## Entries taken from a collection
(* Let $n\ge3$, $2\le k\le n$, $0<r_1<r_2$, and let $\varphi$ be a function of $\rho>0$ satisfying (a) $\varphi(\rho)>0$; (b) $\varphi(\rho)>1$ for $\rho\le r_1$; (c) $\varphi(\rho)<1$ for $\rho\ge r_2$; (d) $\varphi'(\rho)<0$. Let $e=(1,\dots,1)\in\mathbb{R}^n$. Then the equation \[ \frac{\sigma_k(\kappa(X))}{\sigma_{k-1}(\kappa(X))}-\varphi(|X|)\frac{\sigma_k(e)}{\sigma_{k-1}(e)}\frac{1}{|X|}=0\qquad (X\in M) \] has a unique admissible (star-shaped, $(k-1)$-convex, closed) solution hypersurface $M\subset\mathbb{R}^{n+1}$, namely the sphere $M=\{X:|X|=\rho_0\}$, where $\rho_0$ is the solution of $\varphi(\rho_0)=1$.
   Context: $\sigma_l$ denotes the $l$-th elementary symmetric polynomial on $\mathbb{R}^n$. $\kappa(X)$ is the vector of principal curvatures of $M$ at $X$ with respect to the outward unit normal $\nu$, via $h_{ij}=-\langle\partial_i\partial_jX,\nu\rangle$ (a sphere of radius $r$ about the origin has curvatures $1/r$). $\Gamma_m=\{\lambda:\sigma_j(\lambda)>0,\ 1\le j\le m\}$; $M$ is $m$-convex if $\kappa(X)\in\Gamma_m$ everywhere. Star-shaped means $M=\{\rho(x)x:x\in\mathbb{S}^n\}$ with $\rho>0$ smooth. *)

theory Defs
  imports "HOL-Analysis.Analysis"
begin

text \<open>Elementary symmetric polynomial sigma_l on R^n, vectors given as nat => real
  with indices 0..n-1.\<close>
definition esym :: "nat \<Rightarrow> nat \<Rightarrow> (nat \<Rightarrow> real) \<Rightarrow> real" where
  "esym n l lam = (\<Sum>S\<in>{S. S \<subseteq> {..<n} \<and> card S = l}. \<Prod>i\<in>S. lam i)"

definition Gamma_cone :: "nat \<Rightarrow> nat \<Rightarrow> (nat \<Rightarrow> real) set" where
  "Gamma_cone n m = {lam. \<forall>j\<in>{1..m}. esym n j lam > 0}"

definition dirD :: "('a::real_normed_vector \<Rightarrow> real) \<Rightarrow> 'a \<Rightarrow> 'a \<Rightarrow> real" where
  "dirD f u = (\<lambda>y. frechet_derivative f (at y) u)"

fun iter_dirD :: "('a::real_normed_vector \<Rightarrow> real) \<Rightarrow> 'a list \<Rightarrow> 'a \<Rightarrow> real" where
  "iter_dirD f [] = f"
| "iter_dirD f (u # us) = dirD (iter_dirD f us) u"

definition smooth_on :: "'a::real_normed_vector set \<Rightarrow> ('a \<Rightarrow> real) \<Rightarrow> bool" where
  "smooth_on U f \<longleftrightarrow> (\<forall>us. iter_dirD f us differentiable_on U)"

definition star_hypersurface :: "(real^'m \<Rightarrow> real) \<Rightarrow> (real^'m) set" where
  "star_hypersurface rho = (\<lambda>x. rho x *\<^sub>R x) ` sphere 0 1"

definition radial_ext :: "(real^'m \<Rightarrow> real) \<Rightarrow> real^'m \<Rightarrow> real" where
  "radial_ext rho y = rho (y /\<^sub>R norm y)"
lemma alg_cost_nonneg:
  "(\<And>x. 0 \<le> f x) \<Longrightarrow> (\<And>x y. 0 \<le> d x y) \<Longrightarrow> 0 \<le> alg_cost d f F \<sigma> u"
  unfolding alg_cost_def by (intro add_nonneg_nonneg sum_nonneg) auto

lemma alg_cost_le:
  assumes h: "1 \<le> h" and alg: "online_alg {..<h ^ h} F \<sigma>" and u: "set u \<subseteq> {..<h ^ h}"
  shows "alg_cost (hst_dist h) (\<lambda>_. 1) F \<sigma> u \<le> real (h ^ h) + real (length u)"
proof -
  have "card (F u) \<le> h ^ h"
    using card_mono[OF _ online_alg_facilities_subset[OF alg u]] by simp
  then have "real (card (F u)) \<le> real (h ^ h)"
    by (simp only: of_nat_le_iff)
  moreover have "(\<Sum>t<length u. hst_dist h (u ! t) (\<sigma> (take (Suc t) u))) \<le> (\<Sum>t<length u. 1)"
    using hst_dist_le_one[OF h] by (intro sum_mono)
  then have "(\<Sum>t<length u. hst_dist h (u ! t) (\<sigma> (take (Suc t) u))) \<le> real (length u)"
    by simp
  ultimately show ?thesis
    unfolding alg_cost_unit_opening by linarith
qed

definition opened_before :: "nat \<Rightarrow> (nat list \<Rightarrow> nat set) \<Rightarrow> nat \<Rightarrow> nat \<Rightarrow> nat set" where
  "opened_before h F x i = F (take (phase_start h i) (arrivals h x))"

definition lucky :: "nat \<Rightarrow> (nat list \<Rightarrow> nat set) \<Rightarrow> nat \<Rightarrow> nat \<Rightarrow> bool" where
  "lucky h F x i \<longleftrightarrow> (\<exists>w\<in>opened_before h F x i. cell h i w = cell h i x)"

lemma opened_before_horizon: "opened_before h F x h = F (arrivals h x)"
  by (simp add: opened_before_def flip: horizon_def)

context
  fixes h :: nat and F :: "nat list \<Rightarrow> nat set" and \<sigma> :: "nat list \<Rightarrow> nat" and x :: nat
  assumes h: "2 \<le> h" and alg: "online_alg {..<h ^ h} F \<sigma>" and x: "x < h ^ h"
begin

lemma arrivals_in_space: "set (arrivals h x) \<subseteq> {..<h ^ h}"
  using set_arrivals[OF x] .

lemma finite_facilities: "finite (F (take k (arrivals h x)))"
  using online_alg_facilities_subset[OF alg] arrivals_in_space
  by (meson finite_lessThan finite_subset order_trans set_take_subset)

lemma opened_before_mono:
  "i \<le> j \<Longrightarrow> j \<le> h \<Longrightarrow> opened_before h F x i \<subseteq> opened_before h F x j"
  unfolding opened_before_def
  using online_alg_facilities_mono[OF alg arrivals_in_space] phase_start_mono[of i j h]
    phase_start_mono[of j h h]
  by (simp add: horizon_def)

## What you should do
Could you write out all of the data again, exactly as given?

## Result of this task
(* Let $n\ge3$, $2\le k\le n$, $0<r_1<r_2$, and let $\varphi$ be a function of $\rho>0$ satisfying (a) $\varphi(\rho)>0$; (b) $\varphi(\rho)>1$ for $\rho\le r_1$; (c) $\varphi(\rho)<1$ for $\rho\ge r_2$; (d) $\varphi'(\rho)<0$. Let $e=(1,\dots,1)\in\mathbb{R}^n$. Then the equation \[ \frac{\sigma_k(\kappa(X))}{\sigma_{k-1}(\kappa(X))}-\varphi(|X|)\frac{\sigma_k(e)}{\sigma_{k-1}(e)}\frac{1}{|X|}=0\qquad (X\in M) \] has a unique admissible (star-shaped, $(k-1)$-convex, closed) solution hypersurface $M\subset\mathbb{R}^{n+1}$, namely the sphere $M=\{X:|X|=\rho_0\}$, where $\rho_0$ is the solution of $\varphi(\rho_0)=1$.
   Context: $\sigma_l$ denotes the $l$-th elementary symmetric polynomial on $\mathbb{R}^n$. $\kappa(X)$ is the vector of principal curvatures of $M$ at $X$ with respect to the outward unit normal $\nu$, via $h_{ij}=-\langle\partial_i\partial_jX,\nu\rangle$ (a sphere of radius $r$ about the origin has curvatures $1/r$). $\Gamma_m=\{\lambda:\sigma_j(\lambda)>0,\ 1\le j\le m\}$; $M$ is $m$-convex if $\kappa(X)\in\Gamma_m$ everywhere. Star-shaped means $M=\{\rho(x)x:x\in\mathbb{S}^n\}$ with $\rho>0$ smooth. *)

theory Defs
  imports "HOL-Analysis.Analysis"
begin

text \<open>Elementary symmetric polynomial sigma_l on R^n, vectors given as nat => real
  with indices 0..n-1.\<close>
definition esym :: "nat \<Rightarrow> nat \<Rightarrow> (nat \<Rightarrow> real) \<Rightarrow> real" where
  "esym n l lam = (\<Sum>S\<in>{S. S \<subseteq> {..<n} \<and> card S = l}. \<Prod>i\<in>S. lam i)"

definition Gamma_cone :: "nat \<Rightarrow> nat \<Rightarrow> (nat \<Rightarrow> real) set" where
  "Gamma_cone n m = {lam. \<forall>j\<in>{1..m}. esym n j lam > 0}"

definition dirD :: "('a::real_normed_vector \<Rightarrow> real) \<Rightarrow> 'a \<Rightarrow> 'a \<Rightarrow> real" where
  "dirD f u = (\<lambda>y. frechet_derivative f (at y) u)"

fun iter_dirD :: "('a::real_normed_vector \<Rightarrow> real) \<Rightarrow> 'a list \<Rightarrow> 'a \<Rightarrow> real" where
  "iter_dirD f [] = f"
| "iter_dirD f (u # us) = dirD (iter_dirD f us) u"

definition smooth_on :: "'a::real_normed_vector set \<Rightarrow> ('a \<Rightarrow> real) \<Rightarrow> bool" where
  "smooth_on U f \<longleftrightarrow> (\<forall>us. iter_dirD f us differentiable_on U)"

definition star_hypersurface :: "(real^'m \<Rightarrow> real) \<Rightarrow> (real^'m) set" where
  "star_hypersurface rho = (\<lambda>x. rho x *\<^sub>R x) ` sphere 0 1"

definition radial_ext :: "(real^'m \<Rightarrow> real) \<Rightarrow> real^'m \<Rightarrow> real" where
  "radial_ext rho y = rho (y /\<^sub>R norm y)"
lemma alg_cost_nonneg:
  "(\<And>x. 0 \<le> f x) \<Longrightarrow> (\<And>x y. 0 \<le> d x y) \<Longrightarrow> 0 \<le> alg_cost d f F \<sigma> u"
  unfolding alg_cost_def by (intro add_nonneg_nonneg sum_nonneg) auto

lemma alg_cost_le:
  assumes h: "1 \<le> h" and alg: "online_alg {..<h ^ h} F \<sigma>" and u: "set u \<subseteq> {..<h ^ h}"
  shows "alg_cost (hst_dist h) (\<lambda>_. 1) F \<sigma> u \<le> real (h ^ h) + real (length u)"
proof -
  have "card (F u) \<le> h ^ h"
    using card_mono[OF _ online_alg_facilities_subset[OF alg u]] by simp
  then have "real (card (F u)) \<le> real (h ^ h)"
    by (simp only: of_nat_le_iff)
  moreover have "(\<Sum>t<length u. hst_dist h (u ! t) (\<sigma> (take (Suc t) u))) \<le> (\<Sum>t<length u. 1)"
    using hst_dist_le_one[OF h] by (intro sum_mono)
  then have "(\<Sum>t<length u. hst_dist h (u ! t) (\<sigma> (take (Suc t) u))) \<le> real (length u)"
    by simp
  ultimately show ?thesis
    unfolding alg_cost_unit_opening by linarith
qed

definition opened_before :: "nat \<Rightarrow> (nat list \<Rightarrow> nat set) \<Rightarrow> nat \<Rightarrow> nat \<Rightarrow> nat set" where
  "opened_before h F x i = F (take (phase_start h i) (arrivals h x))"

definition lucky :: "nat \<Rightarrow> (nat list \<Rightarrow> nat set) \<Rightarrow> nat \<Rightarrow> nat \<Rightarrow> bool" where
  "lucky h F x i \<longleftrightarrow> (\<exists>w\<in>opened_before h F x i. cell h i w = cell h i x)"

lemma opened_before_horizon: "opened_before h F x h = F (arrivals h x)"
  by (simp add: opened_before_def flip: horizon_def)

context
  fixes h :: nat and F :: "nat list \<Rightarrow> nat set" and \<sigma> :: "nat list \<Rightarrow> nat" and x :: nat
  assumes h: "2 \<le> h" and alg: "online_alg {..<h ^ h} F \<sigma>" and x: "x < h ^ h"
begin

lemma arrivals_in_space: "set (arrivals h x) \<subseteq> {..<h ^ h}"
  using set_arrivals[OF x] .

lemma finite_facilities: "finite (F (take k (arrivals h x)))"
  using online_alg_facilities_subset[OF alg] arrivals_in_space
  by (meson finite_lessThan finite_subset order_trans set_take_subset)

lemma opened_before_mono:
  "i \<le> j \<Longrightarrow> j \<le> h \<Longrightarrow> opened_before h F x i \<subseteq> opened_before h F x j"
  unfolding opened_before_def
  using online_alg_facilities_mono[OF alg arrivals_in_space] phase_start_mono[of i j h]
    phase_start_mono[of j h h]
  by (simp add: horizon_def)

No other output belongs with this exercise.